> [Task directions] An exact repetition of all the entries that follow is required.

> [Records for the exercise]

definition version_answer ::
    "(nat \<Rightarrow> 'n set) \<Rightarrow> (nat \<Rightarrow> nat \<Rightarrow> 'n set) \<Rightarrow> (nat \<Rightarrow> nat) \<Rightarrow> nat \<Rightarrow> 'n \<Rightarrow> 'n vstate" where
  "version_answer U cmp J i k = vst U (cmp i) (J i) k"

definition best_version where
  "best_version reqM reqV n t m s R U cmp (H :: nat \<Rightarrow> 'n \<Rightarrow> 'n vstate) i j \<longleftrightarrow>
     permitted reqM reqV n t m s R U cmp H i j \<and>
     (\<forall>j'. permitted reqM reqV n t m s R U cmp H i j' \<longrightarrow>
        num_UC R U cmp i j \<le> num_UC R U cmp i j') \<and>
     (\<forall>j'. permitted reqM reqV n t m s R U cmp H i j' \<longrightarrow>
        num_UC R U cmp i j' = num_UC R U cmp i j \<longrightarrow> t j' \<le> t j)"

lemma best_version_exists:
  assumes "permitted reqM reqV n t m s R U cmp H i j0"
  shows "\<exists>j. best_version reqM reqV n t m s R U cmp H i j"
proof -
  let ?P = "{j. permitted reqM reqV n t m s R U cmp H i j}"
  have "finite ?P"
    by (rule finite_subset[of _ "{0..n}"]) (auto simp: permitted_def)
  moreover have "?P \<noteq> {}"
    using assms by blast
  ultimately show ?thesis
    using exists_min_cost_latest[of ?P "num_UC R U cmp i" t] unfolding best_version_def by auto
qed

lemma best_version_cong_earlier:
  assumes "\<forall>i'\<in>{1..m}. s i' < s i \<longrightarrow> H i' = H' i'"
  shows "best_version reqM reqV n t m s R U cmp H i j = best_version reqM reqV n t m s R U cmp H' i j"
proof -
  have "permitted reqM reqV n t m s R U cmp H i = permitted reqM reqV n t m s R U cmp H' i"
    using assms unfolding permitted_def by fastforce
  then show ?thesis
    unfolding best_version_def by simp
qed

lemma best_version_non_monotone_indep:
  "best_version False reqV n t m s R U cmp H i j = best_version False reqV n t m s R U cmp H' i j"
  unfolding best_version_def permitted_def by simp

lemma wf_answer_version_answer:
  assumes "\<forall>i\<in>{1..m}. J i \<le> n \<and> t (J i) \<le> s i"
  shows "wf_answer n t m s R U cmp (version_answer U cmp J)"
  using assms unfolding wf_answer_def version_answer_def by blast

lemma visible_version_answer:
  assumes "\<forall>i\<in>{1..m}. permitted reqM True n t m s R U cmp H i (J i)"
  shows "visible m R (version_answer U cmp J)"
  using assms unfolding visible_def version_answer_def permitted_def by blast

> [Response to the exercise]
definition version_answer ::
    "(nat \<Rightarrow> 'n set) \<Rightarrow> (nat \<Rightarrow> nat \<Rightarrow> 'n set) \<Rightarrow> (nat \<Rightarrow> nat) \<Rightarrow> nat \<Rightarrow> 'n \<Rightarrow> 'n vstate" where
  "version_answer U cmp J i k = vst U (cmp i) (J i) k"

definition best_version where
  "best_version reqM reqV n t m s R U cmp (H :: nat \<Rightarrow> 'n \<Rightarrow> 'n vstate) i j \<longleftrightarrow>
     permitted reqM reqV n t m s R U cmp H i j \<and>
     (\<forall>j'. permitted reqM reqV n t m s R U cmp H i j' \<longrightarrow>
        num_UC R U cmp i j \<le> num_UC R U cmp i j') \<and>
     (\<forall>j'. permitted reqM reqV n t m s R U cmp H i j' \<longrightarrow>
        num_UC R U cmp i j' = num_UC R U cmp i j \<longrightarrow> t j' \<le> t j)"

lemma best_version_exists:
  assumes "permitted reqM reqV n t m s R U cmp H i j0"
  shows "\<exists>j. best_version reqM reqV n t m s R U cmp H i j"
proof -
  let ?P = "{j. permitted reqM reqV n t m s R U cmp H i j}"
  have "finite ?P"
    by (rule finite_subset[of _ "{0..n}"]) (auto simp: permitted_def)
  moreover have "?P \<noteq> {}"
    using assms by blast
  ultimately show ?thesis
    using exists_min_cost_latest[of ?P "num_UC R U cmp i" t] unfolding best_version_def by auto
qed

lemma best_version_cong_earlier:
  assumes "\<forall>i'\<in>{1..m}. s i' < s i \<longrightarrow> H i' = H' i'"
  shows "best_version reqM reqV n t m s R U cmp H i j = best_version reqM reqV n t m s R U cmp H' i j"
proof -
  have "permitted reqM reqV n t m s R U cmp H i = permitted reqM reqV n t m s R U cmp H' i"
    using assms unfolding permitted_def by fastforce
  then show ?thesis
    unfolding best_version_def by simp
qed

lemma best_version_non_monotone_indep:
  "best_version False reqV n t m s R U cmp H i j = best_version False reqV n t m s R U cmp H' i j"
  unfolding best_version_def permitted_def by simp

lemma wf_answer_version_answer:
  assumes "\<forall>i\<in>{1..m}. J i \<le> n \<and> t (J i) \<le> s i"
  shows "wf_answer n t m s R U cmp (version_answer U cmp J)"
  using assms unfolding wf_answer_def version_answer_def by blast

lemma visible_version_answer:
  assumes "\<forall>i\<in>{1..m}. permitted reqM True n t m s R U cmp H i (J i)"
  shows "visible m R (version_answer U cmp J)"
  using assms unfolding visible_def version_answer_def permitted_def by blast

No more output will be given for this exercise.